Extracted material:
++++++
lemma two_le_card_Diff_line:
  assumes no_large: "\<forall>e\<in>S. card e + 1 \<noteq> card L"
    and "L \<subseteq> f \<union> g" "f \<in> S" "g \<in> S" "f \<noteq> g"
  shows "2 \<le> card (f - g)"
proof -
  have "card L \<le> card (f \<union> g)"
    using assms(2-4) finite_line by (simp add: card_mono)
  also have "\<dots> = card f + card g - 1"
    using card_Un_Int[OF finite_line finite_line, OF assms(3,4)] card_Int_lines[OF assms(3-5)] by simp
  finally have "card L + 1 \<le> card f + card g"
    using two_le_card_line[OF assms(3)] by linarith
  moreover have "card g + 2 \<le> card L"
    using no_large card_line_less[OF assms(4)] assms(4) by fastforce
  moreover have "card (f - g) = card f - 1"
    using card_Diff_subset_Int[of f g] finite_line[OF assms(3)] card_Int_lines[OF assms(3-5)] by simp
  ultimately show ?thesis
    by linarith
qed

lemma exists_point_off_lines:
  assumes no_large: "\<forall>e\<in>S. card e + 1 \<noteq> card L" and "f \<in> S" "g \<in> S"
  shows "\<exists>y\<in>L. y \<notin> f \<and> y \<notin> g"
proof (rule ccontr)
  assume "\<not> ?thesis"
  then have cover: "L \<subseteq> f \<union> g"
    by blast
  show False
  proof (cases "f = g")
    case True
    then have "card L \<le> card f"
      using cover by (intro card_mono[OF finite_line[OF assms(2)]]) simp
    then show False
      using card_line_less[OF assms(2)] by simp
  next
    case False
    obtain a a' where a: "a \<in> f - g" "a' \<in> f - g" "a \<noteq> a'"
      using two_le_card_Diff_line[OF no_large cover assms(2,3) False] by (auto simp: two_le_card_iff)
    obtain b b' where b: "b \<in> g - f" "b' \<in> g - f" "b \<noteq> b'"
      using two_le_card_Diff_line[OF no_large _ assms(3,2)] cover False
      by (auto simp: two_le_card_iff Un_commute)
    have "{a, b} \<in> S" "{a', b'} \<in> S"
      using pair_line_if_covered[OF cover assms(2,3)] a b by auto
    moreover have "{a, b} \<inter> {a', b'} = {}"
      using a b by auto
    ultimately show False
      using card_Int_lines a(3) by fastforce
  qed
qed

lemma exists_line_avoiding:
  assumes "y \<in> L"
  shows "\<exists>e\<in>S. y \<notin> e"
proof (rule ccontr)
  assume "\<not> ?thesis"
  then have through_y: "\<forall>e\<in>S. y \<in> e"
    by blast
  have "\<exists>u. u \<in> e - {y}" if "e \<in> S" for e
    using two_le_card_line[OF that] by (auto simp: two_le_card_iff)
  then obtain \<phi> where \<phi>: "\<And>e. e \<in> S \<Longrightarrow> \<phi> e \<in> e - {y}"
    by metis
  have "inj_on \<phi> S"
    using \<phi> through_y line_unique by (intro inj_onI) (metis DiffE singletonI)
  moreover have "\<phi> ` S \<subseteq> L - {y}"
    using \<phi> line_subset by blast
  ultimately have "card S \<le> card (L - {y})"
    using finite_L by (intro card_inj_on_le) auto
  moreover have "0 < card L"
    using assms finite_L card_gt_0_iff by blast
  ultimately show False
    using card_lines assms finite_L by simp
qed

lemma card_points_eq:
  assumes y: "y \<in> L" and K: "\<And>e. e \<in> S \<Longrightarrow> card e = K" "card {e \<in> S. y \<in> e} = K"
  shows "card L = K * (K - 1) + 1"
proof -
  define Sy where "Sy = {e \<in> S. y \<in> e}"
  have "L - {y} = (\<Union>e\<in>Sy. e - {y})"
    using points_joined[OF y] line_subset unfolding Sy_def by blast
  moreover have "(e - {y}) \<inter> (g - {y}) = {}" if "e \<in> Sy" "g \<in> Sy" "e \<noteq> g" for e g
    using lines_Int_eq[of e g y] that unfolding Sy_def by auto
  then have "card (\<Union>e\<in>Sy. e - {y}) = (\<Sum>e\<in>Sy. card (e - {y}))"
    using finite_S finite_line unfolding Sy_def by (intro card_UN_disjoint) auto
  moreover have "(\<Sum>e\<in>Sy. card (e - {y})) = K * (K - 1)"
    using K finite_line unfolding Sy_def by simp
  ultimately have "card (L - {y}) = K * (K - 1)"
    by simp
  then show ?thesis
    using card.remove[OF finite_L y] by simp
qed

lemma projective_parameters:
  assumes no_large: "\<forall>e\<in>S. card e + 1 \<noteq> card L"
  obtains k where "card L = k\<^sup>2 + k + 1" "\<And>e. e \<in> S \<Longrightarrow> card e = k + 1"
    "\<And>y. y \<in> L \<Longrightarrow> card {e \<in> S. y \<in> e} = k + 1"
proof -
  obtain e0 where e0: "e0 \<in> S"
    using card_lines L_ne finite_L finite_S by (metis card_0_eq equals0I)
  define K where "K = card e0"
  have card_line: "card e = K" if e: "e \<in> S" for e
  proof -
    obtain y where y: "y \<in> L" "y \<notin> e" "y \<notin> e0"
      using exists_point_off_lines[OF no_large e e0] by blast
    show ?thesis
      using card_lines_through[OF y(1) e y(2)] card_lines_through[OF y(1) e0 y(3)]
      unfolding K_def by simp
  qed
  have card_through: "card {e \<in> S. y \<in> e} = K" if y: "y \<in> L" for y
  proof -
    obtain f where "f \<in> S" "y \<notin> f"
      using exists_line_avoiding[OF y] by blast
    then show ?thesis
      using card_lines_through[OF y] card_line by simp
  qed
  obtain y where y: "y \<in> L"
    using L_ne by blast
  define k where "k = K - 1"
  have K: "K = k + 1"
    using two_le_card_line[OF e0] unfolding K_def k_def by simp
  have "card L = k\<^sup>2 + k + 1"
    using card_points_eq[OF y card_line card_through[OF y]] unfolding K
    by (simp add: power2_eq_square)
  then show thesis
    using that card_line card_through unfolding K by blast
qed

lemma hypergraph_lines: "hypergraph L (mset_set S)"
  unfolding hypergraph_def using finite_L finite_S line_subset two_le_card_line by fastforce

lemma near_pencil_or_projective_plane:
  "near_pencil L (mset_set S) (card L) \<or> (\<exists>k. projective_plane L (mset_set S) k)"
proof (cases "\<exists>e\<in>S. card e + 1 = card L")
  case True
  then obtain e v where e: "e \<in> S" and v: "L = insert v e" "v \<notin> e" "S = insert e ((\<lambda>u. {v, u}) ` e)"
    by (metis near_pencil_if_card_line)
  have "e \<notin> (\<lambda>u. {v, u}) ` e"
    using v(2) by blast
  moreover have "inj_on (\<lambda>u. {v, u}) e"
    using v(2) by (intro inj_onI) (metis doubleton_eq_iff)
  ultimately have "mset_set S = add_mset e (image_mset (\<lambda>u. {v, u}) (mset_set e))"
    using v(3) finite_line[OF e] by (simp add: image_mset_mset_set)
  then have "near_pencil L (mset_set S) (card L)"
    unfolding near_pencil_def using hypergraph_lines v(1,2) by blast
  then show ?thesis ..
next
  case False
  then obtain k where k: "card L = k\<^sup>2 + k + 1" "\<And>e. e \<in> S \<Longrightarrow> card e = k + 1"
    "\<And>y. y \<in> L \<Longrightarrow> card {e \<in> S. y \<in> e} = k + 1"
    using projective_parameters by blast
  have "Defs.linear (mset_set S)"
    unfolding Defs.linear_def codegree_le_def using finite_S line_unique
    by (auto simp: card_le_Suc0_iff_eq)
  moreover have "e \<inter> g \<noteq> {}" if "e \<in> S" "g \<in> S" for e g
    using card_Int_lines[OF that] two_le_card_line[OF that(1)] by (cases "e = g") auto
  then have "intersecting (mset_set S)"
    unfolding intersecting_def using finite_S by simp
  ultimately have "projective_plane L (mset_set S) k"
    unfolding projective_plane_def using hypergraph_lines k finite_S by (simp add: degree_mset_set finite_S)
  then show ?thesis by blast
qed

end

section \<open>Intersecting hypergraphs of bounded codegree\<close>

locale intersecting_hypergraph =
  fixes V :: "'a set" and E :: "'a set multiset" and t :: nat
  assumes hypergraph_VE: "hypergraph V E"
    and intersecting_E: "intersecting E"
    and codegree_le_t: "codegree_le E t"
    and two_le_card_edge: "e \<in># E \<Longrightarrow> 2 \<le> card e"
begin

abbreviation max_card_closed_nbhd :: nat where
  "max_card_closed_nbhd \<equiv> Max ((\<lambda>v. card (closed_nbhd E v)) ` V)"

lemma finite_V: "finite V"
  using hypergraph_VE unfolding hypergraph_def by blast

lemma edge_subset_V: "e \<in># E \<Longrightarrow> e \<subseteq> V"
  using hypergraph_VE unfolding hypergraph_def by blast

lemma finite_edge: "e \<in># E \<Longrightarrow> finite e"
  using edge_subset_V finite_V finite_subset by blast

lemma closed_nbhd_subset_V: "closed_nbhd E z \<subseteq> V"
  using edge_subset_V unfolding closed_nbhd_def by blast

lemma finite_closed_nbhd: "finite (closed_nbhd E z)"
  using closed_nbhd_subset_V finite_V finite_subset by blast

lemma edges_meet: "e \<in># E \<Longrightarrow> g \<in># E \<Longrightarrow> e \<inter> g \<noteq> {}"
  using intersecting_E unfolding intersecting_def by blast

lemma one_le_t:
  assumes "E \<noteq> {#}"
  shows "1 \<le> t"
proof -
  obtain e where e: "e \<in># E"
    using assms by blast
  then obtain a b where ab: "a \<in> e" "b \<in> e" "a \<noteq> b"
    using two_le_card_edge by (meson two_le_card_iff)
  then have "0 < codegree E a b"
    using mem_closed_nbhdI[OF e ab(1,2)] by (simp add: codegree_pos_iff)
  moreover have "codegree E a b \<le> t"
    using codegree_le_t ab(3) by (simp add: codegree_le_iff)
  ultimately show ?thesis
    by simp
qed

lemma size_add_le_if_degree_eq_size:
  assumes "degree E z = size E" and "E \<noteq> {#}"
  shows "size E + t \<le> t * card (closed_nbhd E z)"
proof -
  define U where "U = closed_nbhd E z - {z}"
  obtain g where "g \<in># E" "z \<in> g"
    using assms degree_pos_iff[of E z] by (metis nonempty_has_size)
  then have "z \<in> closed_nbhd E z"
    by (intro mem_closed_nbhdI)
  then have card_U: "card (closed_nbhd E z) = card U + 1"
    unfolding U_def using card.remove[OF finite_closed_nbhd] by simp
  have "degree E z \<le> (\<Sum>u\<in>U. codegree E z u)"
    unfolding degree_def codegree_def
  proof (rule size_filter_mset_le_sum)
    show "finite U"
      unfolding U_def using finite_closed_nbhd by simp
    fix g assume g: "g \<in># E" "z \<in> g"
    obtain u where u: "u \<in> g" "u \<noteq> z"
      using two_le_card_edge[OF g(1)] by (auto simp: two_le_card_iff)
    then have "u \<in> U"
      unfolding U_def using mem_closed_nbhdI[OF g u(1)] by blast
    then show "\<exists>u\<in>U. z \<in> g \<and> u \<in> g"
      using g(2) u(1) by blast
  qed
  also have "\<dots> \<le> t * card (U \<inter> closed_nbhd E z)"
    using codegree_le_t finite_closed_nbhd unfolding U_def by (intro sum_codegree_le) auto
  also have "U \<inter> closed_nbhd E z = U"
    unfolding U_def by blast
  finally show ?thesis
    using assms(1) card_U by simp
qed

lemma card_closed_nbhd_le_max: "v \<in> V \<Longrightarrow> card (closed_nbhd E v) \<le> max_card_closed_nbhd"
  using finite_V by simp

lemma size_less_if_degree_eq_size:
  assumes "z \<in> V" "degree E z = size E" "E \<noteq> {#}"
  shows "size E < t * max_card_closed_nbhd"
proof -
  have "size E + t \<le> t * max_card_closed_nbhd"
    using size_add_le_if_degree_eq_size[OF assms(2,3)] card_closed_nbhd_le_max[OF assms(1)]
    by (meson le_trans mult_le_mono2)
  then show ?thesis
    using one_le_t[OF assms(3)] by simp
qed

end

lemma intersecting_hypergraphI:
  assumes "hypergraph V E" "intersecting E" "codegree_le E t" "\<forall>e\<in>#E. card e \<noteq> 1"
  shows "intersecting_hypergraph V E t"
proof
  fix e assume e: "e \<in># E"
  then have "finite e" "e \<noteq> {}"
    using assms(1) finite_subset unfolding hypergraph_def by blast+
  then have "card e \<noteq> 0"
    by simp
  moreover have "card e \<noteq> 1"
    using assms(4) e by blast
  ultimately show "2 \<le> card e"
    by linarith
qed (use assms in auto)

locale max_degree_vertex = intersecting_hypergraph +
  fixes x :: 'a
  assumes x_in_V: "x \<in> V"
    and degree_le_max: "y \<in> V \<Longrightarrow> degree E y \<le> degree E x"
    and degree_less_size: "y \<in> V \<Longrightarrow> degree E y < size E"
begin

abbreviation Nx :: "'a set" where "Nx \<equiv> closed_nbhd E x"

lemma E_ne: "E \<noteq> {#}"
  using degree_less_size[OF x_in_V] by auto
++++++
Task to carry out: Within the data above, the lines from the one with "using assms by blast" to the one with "unfolding degree_def codegree_def" must be repeated exactly; no other line belongs in the answer.

Task output:
    using assms by blast
  then obtain a b where ab: "a \<in> e" "b \<in> e" "a \<noteq> b"
    using two_le_card_edge by (meson two_le_card_iff)
  then have "0 < codegree E a b"
    using mem_closed_nbhdI[OF e ab(1,2)] by (simp add: codegree_pos_iff)
  moreover have "codegree E a b \<le> t"
    using codegree_le_t ab(3) by (simp add: codegree_le_iff)
  ultimately show ?thesis
    by simp
qed

lemma size_add_le_if_degree_eq_size:
  assumes "degree E z = size E" and "E \<noteq> {#}"
  shows "size E + t \<le> t * card (closed_nbhd E z)"
proof -
  define U where "U = closed_nbhd E z - {z}"
  obtain g where "g \<in># E" "z \<in> g"
    using assms degree_pos_iff[of E z] by (metis nonempty_has_size)
  then have "z \<in> closed_nbhd E z"
    by (intro mem_closed_nbhdI)
  then have card_U: "card (closed_nbhd E z) = card U + 1"
    unfolding U_def using card.remove[OF finite_closed_nbhd] by simp
  have "degree E z \<le> (\<Sum>u\<in>U. codegree E z u)"
    unfolding degree_def codegree_def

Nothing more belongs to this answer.